GIVEN RECORDS below:

lemma sparse_set_extend:
  assumes "finite V" and "symp E" and "irreflp E" and T: "reducible_set E V T"
    and S': "S' \<subseteq> V - closed_nbhd E V T" "\<forall>x\<in>S'. deg_in E S' x \<le> 1"
      "sparse_bound (card (V - closed_nbhd E V T)) \<le> card S'"
  shows "S' \<union> T \<subseteq> V" and "\<forall>x\<in>S' \<union> T. deg_in E (S' \<union> T) x \<le> 1"
    and "sparse_bound (card V) \<le> card (S' \<union> T)"
proof -
  define X where "X = closed_nbhd E V T"
  have "T \<subseteq> X" "X \<subseteq> V" "finite T" "card T \<le> 2"
    using T assms(1) finite_subset unfolding X_def reducible_set_def closed_nbhd_def by auto
  show "S' \<union> T \<subseteq> V" using S'(1) \<open>T \<subseteq> X\<close> \<open>X \<subseteq> V\<close> unfolding X_def by blast
  have no_edge: "\<not> E t s" "\<not> E s t" if "t \<in> T" "s \<in> S'" for s t
    using that S'(1) sympD[OF assms(2), of s t] unfolding closed_nbhd_def by auto
  show "\<forall>x\<in>S' \<union> T. deg_in E (S' \<union> T) x \<le> 1"
  proof
    fix x assume "x \<in> S' \<union> T"
    show "deg_in E (S' \<union> T) x \<le> 1"
    proof (cases "x \<in> T")
      case True
      have "deg_in E (S' \<union> T) x = deg_in E T x"
        using deg_in_Un_no_edges[of S' E x T] no_edge(1)[OF True] by (simp add: Un_commute)
      also have "\<dots> \<le> card T - 1" using deg_in_le_card_minus_1[OF assms(3) \<open>finite T\<close> True] .
      finally show ?thesis using \<open>card T \<le> 2\<close> by simp
    next
      case False
      then have "x \<in> S'" using \<open>x \<in> S' \<union> T\<close> by simp
      then have "deg_in E (S' \<union> T) x = deg_in E S' x"
        using deg_in_Un_no_edges[of T E x S'] no_edge(2) by simp
      then show ?thesis using S'(2) \<open>x \<in> S'\<close> by simp
    qed
  qed
  have "card (V - X) = card V - card X"
    using finite_subset[OF \<open>X \<subseteq> V\<close> assms(1)] \<open>X \<subseteq> V\<close> by (rule card_Diff_subset)
  moreover have "card X \<le> card V" using assms(1) \<open>X \<subseteq> V\<close> by (rule card_mono)
  ultimately have "sparse_bound (card V) \<le> sparse_bound (card (V - X)) + sparse_bound (card X)"
    using sparse_bound_add_le[of "card (V - X)" "card X"] by simp
  also have "\<dots> \<le> card S' + card T"
    using S'(3) T unfolding X_def reducible_set_def by simp
  also have "\<dots> = card (S' \<union> T)"
    using S'(1) \<open>T \<subseteq> X\<close> \<open>finite T\<close> assms(1) unfolding X_def
    by (subst card_Un_disjoint) (auto intro: finite_subset)
  finally show "sparse_bound (card V) \<le> card (S' \<union> T)" .
qed

lemma weak_cactus_sparse_set:
  assumes "finite V" and "symp E" and "irreflp E" and "weak_cactus E V"
  shows "\<exists>S \<subseteq> V. (\<forall>x\<in>S. deg_in E S x \<le> 1) \<and> sparse_bound (card V) \<le> card S"
  using assms(1,4)
proof (induction "card V" arbitrary: V rule: less_induct)
  case less
  show ?case
  proof (cases "V = {}")
    case True
    then show ?thesis by (simp add: sparse_bound_def)
  next
    case False
    obtain T where T: "reducible_set E V T"
      using weak_cactus_reducible_set[OF less.prems(1) False assms(2,3) less.prems(2)] by blast
    let ?X = "closed_nbhd E V T"
    have "T \<noteq> {}" "T \<subseteq> ?X" "?X \<subseteq> V"
      using T unfolding reducible_set_def closed_nbhd_def by auto
    then have "card (V - ?X) < card V"
      using less.prems(1) by (intro psubset_card_mono) auto
    moreover have "weak_cactus E (V - ?X)"
      using less.prems(2) by (rule weak_cactus_subset) blast
    ultimately obtain S' where "S' \<subseteq> V - ?X" "\<forall>x\<in>S'. deg_in E S' x \<le> 1"
      "sparse_bound (card (V - ?X)) \<le> card S'"
      using less.hyps[of "V - ?X"] less.prems(1) by auto
    from sparse_set_extend[OF less.prems(1) assms(2,3) T this] show ?thesis by blast
  qed
qed

section \<open>No large 1-dense sets in cacti\<close>

lemma connected_in_if_common_neighbours:
  assumes "S \<noteq> {}"
    and common: "\<And>u v. u \<in> S \<Longrightarrow> v \<in> S \<Longrightarrow> u \<noteq> v \<Longrightarrow> E u v \<or> (\<exists>w\<in>S. E u w \<and> E w v)"
  shows "connected_in E S"
  unfolding connected_in_def
proof (intro conjI ballI)
  show "S \<noteq> {}" by (rule assms(1))
next
  fix u v assume uv: "u \<in> S" "v \<in> S"
  show "(induced_edge E S)\<^sup>*\<^sup>* u v"
  proof (cases "u = v")
    case False
    then consider "E u v" | w where "w \<in> S" "E u w" "E w v"
      using common[OF uv False] by blast
    then show ?thesis
    proof cases
      case 1
      then show ?thesis using uv by (intro r_into_rtranclp) simp
    next
      case (2 w)
      then have "induced_edge E S u w" "induced_edge E S w v" using uv by simp_all
      then show ?thesis by (rule converse_rtranclp_into_rtranclp[OF _ r_into_rtranclp])
    qed
  qed simp
qed

lemma dense_set_finite: "dense_set E V k i S \<Longrightarrow> 0 < i \<Longrightarrow> finite S"
  unfolding dense_set_def sparse_set_def using card.infinite by fastforce

lemma dense_set_non_neighbour_unique:
  assumes "dense_set E V 1 i S" and "0 < i" and "x \<in> S"
    and "y \<in> S" "x \<noteq> y" "\<not> E x y" and "z \<in> S" "x \<noteq> z" "\<not> E x z"
  shows "y = z"
proof -
  have "finite S" using dense_set_finite[OF assms(1,2)] .
  have "card {y \<in> S. x \<noteq> y \<and> \<not> E x y} \<le> 1"
    using assms(1,3) unfolding dense_set_def sparse_set_def deg_in_def by blast
  moreover have "finite {y \<in> S. x \<noteq> y \<and> \<not> E x y}" using \<open>finite S\<close> by simp
  ultimately show ?thesis using assms(4-9) card_le_Suc0_iff_eq by fastforce
qed

lemma dense_set_common_neighbour:
  assumes "symp E" and dense: "dense_set E V 1 i S" and "4 \<le> i"
    and "u \<in> S" "v \<in> S" "u \<noteq> v" "\<not> E u v"
  shows "\<exists>w\<in>S - {z}. E u w \<and> E w v"
proof -
  have "card S = i" using dense unfolding dense_set_def sparse_set_def by simp
  have "\<not> S \<subseteq> {u, v, z}"
  proof
    assume "S \<subseteq> {u, v, z}"
    then have "card S \<le> card {u, v, z}" by (intro card_mono) auto
    also have "\<dots> \<le> 3" by (simp add: card_insert_if)
    finally show False using \<open>card S = i\<close> \<open>4 \<le> i\<close> by simp
  qed
  then obtain w where w: "w \<in> S" "w \<noteq> u" "w \<noteq> v" "w \<noteq> z" by blast
  have "0 < i" using \<open>4 \<le> i\<close> by simp
  have "E u w"
    using dense_set_non_neighbour_unique[OF dense \<open>0 < i\<close> \<open>u \<in> S\<close> \<open>v \<in> S\<close> \<open>u \<noteq> v\<close> \<open>\<not> E u v\<close> w(1)] w
    by auto
  moreover have "\<not> E v u" using \<open>\<not> E u v\<close> sympD[OF assms(1)] by blast
  then have "E v w"
    using dense_set_non_neighbour_unique[OF dense \<open>0 < i\<close> \<open>v \<in> S\<close> \<open>u \<in> S\<close> _ _ w(1)] \<open>u \<noteq> v\<close> w
    by auto
  ultimately show ?thesis using w sympD[OF assms(1)] by blast
qed

lemma dense_set_nonseparable:
  assumes "symp E" and dense: "dense_set E V 1 i S" and "4 \<le> i"
  shows "nonseparable E S"
proof -
  have "card S = i" using dense unfolding dense_set_def sparse_set_def by simp
  have common: "E u v \<or> (\<exists>w\<in>S - {z}. E u w \<and> E w v)" if "u \<in> S" "v \<in> S" "u \<noteq> v" for u v z
    using dense_set_common_neighbour[OF assms that] by blast
  have "S - {z} \<noteq> {}" for z
  proof
    assume "S - {z} = {}"
    then have "card S \<le> card {z}" by (intro card_mono) auto
    then show False using \<open>card S = i\<close> \<open>4 \<le> i\<close> by simp
  qed
  then have "connected_in E (S - {z})" for z
    by (rule connected_in_if_common_neighbours) (use common in blast)
  moreover have "connected_in E S"
    using \<open>S - {undefined} \<noteq> {}\<close>
    by (intro connected_in_if_common_neighbours) (use common[where z = undefined] in blast)+
  ultimately show ?thesis unfolding nonseparable_def by blast
qed

lemma dense_set_deg_ge:
  assumes "dense_set E V 1 i S" and "x \<in> S"
  shows "i \<le> deg_in E S x + 2"
proof (cases "finite S")
  case True
  let ?N = "{y \<in> S. E x y}" and ?M = "{y \<in> S. x \<noteq> y \<and> \<not> E x y}"
  have "card S - 1 = card (S - {x})" using True assms(2) by simp
  also have "\<dots> \<le> card (?N \<union> ?M)" using True by (intro card_mono) auto
  also have "\<dots> \<le> card ?N + card ?M" by (rule card_Un_le)
  also have "\<dots> \<le> deg_in E S x + 1"
    using assms unfolding dense_set_def sparse_set_def deg_in_def by simp
  finally show ?thesis using assms(1) unfolding dense_set_def sparse_set_def by simp
next
  case False
  then show ?thesis using assms(1) unfolding dense_set_def sparse_set_def by simp
qed

lemma weak_cactus_no_dense_set:
  assumes "symp E" and "weak_cactus E V" and "5 \<le> i"
  shows "\<not> dense_set E V 1 i S"
proof
  assume dense: "dense_set E V 1 i S"
  then have "S \<subseteq> V" "card S = i" unfolding dense_set_def sparse_set_def by simp_all
  then obtain x where "x \<in> S" using \<open>5 \<le> i\<close> by fastforce
  have "nonseparable E S" using dense_set_nonseparable[OF assms(1) dense] \<open>5 \<le> i\<close> by simp
  then have "deg_in E S x \<le> 2"
    using weak_cactusD[OF assms(2) \<open>S \<subseteq> V\<close>] \<open>card S = i\<close> \<open>5 \<le> i\<close> \<open>x \<in> S\<close> by simp
  moreover have "i \<le> deg_in E S x + 2" by (rule dense_set_deg_ge[OF dense \<open>x \<in> S\<close>])
  ultimately show False using \<open>5 \<le> i\<close> by simp
qed


section \<open>Disjoint 4-cycles\<close>

text \<open>The cycles \<open>4q, 4q + 1, 4q + 2, 4q + 3\<close> on \<open>{0..<m}\<close>; the last one is cut short
  unless \<open>4\<close> divides \<open>m\<close>.\<close>

definition four_cycles :: "nat \<Rightarrow> nat \<Rightarrow> nat \<Rightarrow> bool" where
  "four_cycles m x y \<longleftrightarrow> x < m \<and> y < m \<and> x div 4 = y div 4 \<and> odd (x + y)"

lemma simple_graph_four_cycles: "simple_graph {0..<m} (four_cycles m)"
  unfolding simple_graph_def four_cycles_def by (auto simp: add.commute)

lemma four_cycles_neighbours:
  assumes "four_cycles m x y"
  shows "y \<in> (if even x then {4 * (x div 4) + 1, 4 * (x div 4) + 3}
              else {4 * (x div 4), 4 * (x div 4) + 2})"
proof -
  define r where "r = y mod 4"
  have "y div 4 = x div 4" using assms unfolding four_cycles_def by simp
  then have y: "y = 4 * (x div 4) + r"
    using div_mult_mod_eq[of y 4] unfolding r_def by linarith
  have "r < 4" unfolding r_def by simp
  then have "r = 0 \<or> r = 1 \<or> r = 2 \<or> r = 3" by presburger
  moreover have "odd (x + r)" using assms unfolding four_cycles_def y by simp
  ultimately show ?thesis unfolding y by auto
qed

lemma deg_four_cycles_le_2: "deg_in (four_cycles m) S x \<le> 2"
proof -
  let ?N = "if even x then {4 * (x div 4) + 1, 4 * (x div 4) + 3}
            else {4 * (x div 4), 4 * (x div 4) + 2}"
  have "{y \<in> S. four_cycles m x y} \<subseteq> ?N" using four_cycles_neighbours[of m x] by blast
  then have "deg_in (four_cycles m) S x \<le> card ?N"
    unfolding deg_in_def by (intro card_mono) auto
  also have "\<dots> \<le> 2" by (simp add: card_insert_if)
  finally show ?thesis .
qed

lemma cactus_four_cycles: "cactus {0..<m} (four_cycles m)"
  by (rule cactus_if_deg_le_2[OF simple_graph_four_cycles deg_four_cycles_le_2])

End of GIVEN RECORDS.

EXERCISE » Quote every line of the records above, from the first down to the one holding "(V - closed_nbhd", exactly as written.

RESULT FOR THIS TASK »
lemma sparse_set_extend:
  assumes "finite V" and "symp E" and "irreflp E" and T: "reducible_set E V T"
    and S': "S' \<subseteq> V - closed_nbhd E V T" "\<forall>x\<in>S'. deg_in E S' x \<le> 1"
      "sparse_bound (card (V - closed_nbhd E V T)) \<le> card S'"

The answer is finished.